Extended Data Figure 5. Loss of PERK does not result in H3K27m3 histone hypermethylation in pro-inflammatory M1 genes.

a,b, qRT-PCR analysis of Jmjd3 expression from PERK wild-type/knockout (a), or PSAT1 wild-type/knockout (b) BMDMs stimulated with IL-4 (n=2; mean ± s.e.m). Data are collected from two independent experiments. c,d, Immunoblots of PERK, Jmjd3 and β-actin in M0, M1, and M2 BMDMs from PERK wild-type and knockout mice (c) or from PSAT1 wild-type and knockout mice (d). Data are representative of two independent samples. e, Changes in gene expression of targets associated with H3K27me3 from PERK wild-type or knockout BMDMs stimulated with IL-4 (M2; left) or LPS+IFNγ (M1; right). f, H3K27me3 histone modifications of Irf4, Pparg, Phgdh and Mgl2 from PERK wild-type and knockout BMDMs in the presence or absence of LPS+IFNγ. g, H3K27me3 histone modifications of selected genes associated with pro-inflammation from naïve (M0), LPS+IFNγ (M1) or IL-4 (M2) stimulated PERK wild-type or knockout macrophages. All data were analyzed using two-tailed unpaired Student’s t-test (a,b).

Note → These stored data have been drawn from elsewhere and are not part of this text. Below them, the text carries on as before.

text \<open>A rule satisfying the axioms is determined by the single number \<open>g = R(u)\<^sub>2\<close>, where
  \<open>u\<close> is the unit inflow at agent 1. Comparing \<open>u\<close> with the zero profile, downstream
  impartiality gives every agent \<open>2..n\<close> the share \<open>g\<close>; budget balance leaves
  \<open>1 - (n - 1) g\<close> to agent 1, and scale invariance extends this to all multiples of \<open>u\<close>.
  By equal treatment of equal upstream total inflow, \<open>R(e)\<^sub>i\<close> is agent \<open>i\<close>'s share in the
  profile with inflow \<open>s\<^sub>i = \<Sum>k<i. e\<^sub>k\<close> at agent 1 and \<open>e\<^sub>i\<close> at agent \<open>i\<close>. In that profile
  every other agent is treated as in a multiple of \<open>u\<close>, so budget balance yields
  \<open>R(e)\<^sub>i = e\<^sub>i - (n - i) g e\<^sub>i + g s\<^sub>i\<close>. This is the partial compromise rule with
  \<open>\<delta> = 1 - (n - 1) g\<close>, and the four axioms are immediate for such formulas.\<close>

definition inflow_at :: "nat \<Rightarrow> real \<Rightarrow> nat \<Rightarrow> real" where
  "inflow_at k a = (\<lambda>j. if j = k then a else 0)"

text \<open>Agent \<open>i\<close> passes the fraction \<open>g\<close> of its own inflow to each of its \<open>n - i\<close>
  downstream agents.\<close>
definition uniform_transfer :: "nat \<Rightarrow> real \<Rightarrow> (nat \<Rightarrow> real) \<Rightarrow> nat \<Rightarrow> real" where
  "uniform_transfer n g e i = e i - g * (real n - real i) * e i + g * (\<Sum>k\<in>{1..<i}. e k)"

Extended Data Figure 6. Therapeutic PERK inhibition in mouse melanoma model.

a, Schematic of the experimental design for small molecule inhibitor treatments. b, Frequency of tumor-infiltrating immune cells (TAMs, TILs, DCs, MDSCs, and NK cells) from B16-F10 tumor-bearing mice with treatment of either DMSO (Vehicle), GSK2656157, or NCT-503. Tumors were harvested on day 16. (n=10 mice per group; mean ± s.e.m). Data are collected from two independent experiments. c, Body weight of tumor-bearing mice given the indicated treatments (n=9 mice per group; mean ± s.e.m). Data are collected from two independent experiments. d, Schematic of the experimental design for the treatment of αPD-1, GSK2656157, and αPD-1 + GSK2656157. Data were analyzed by ordinary one-way ANOVA with Dunnett’s multiple comparisons test (b,c).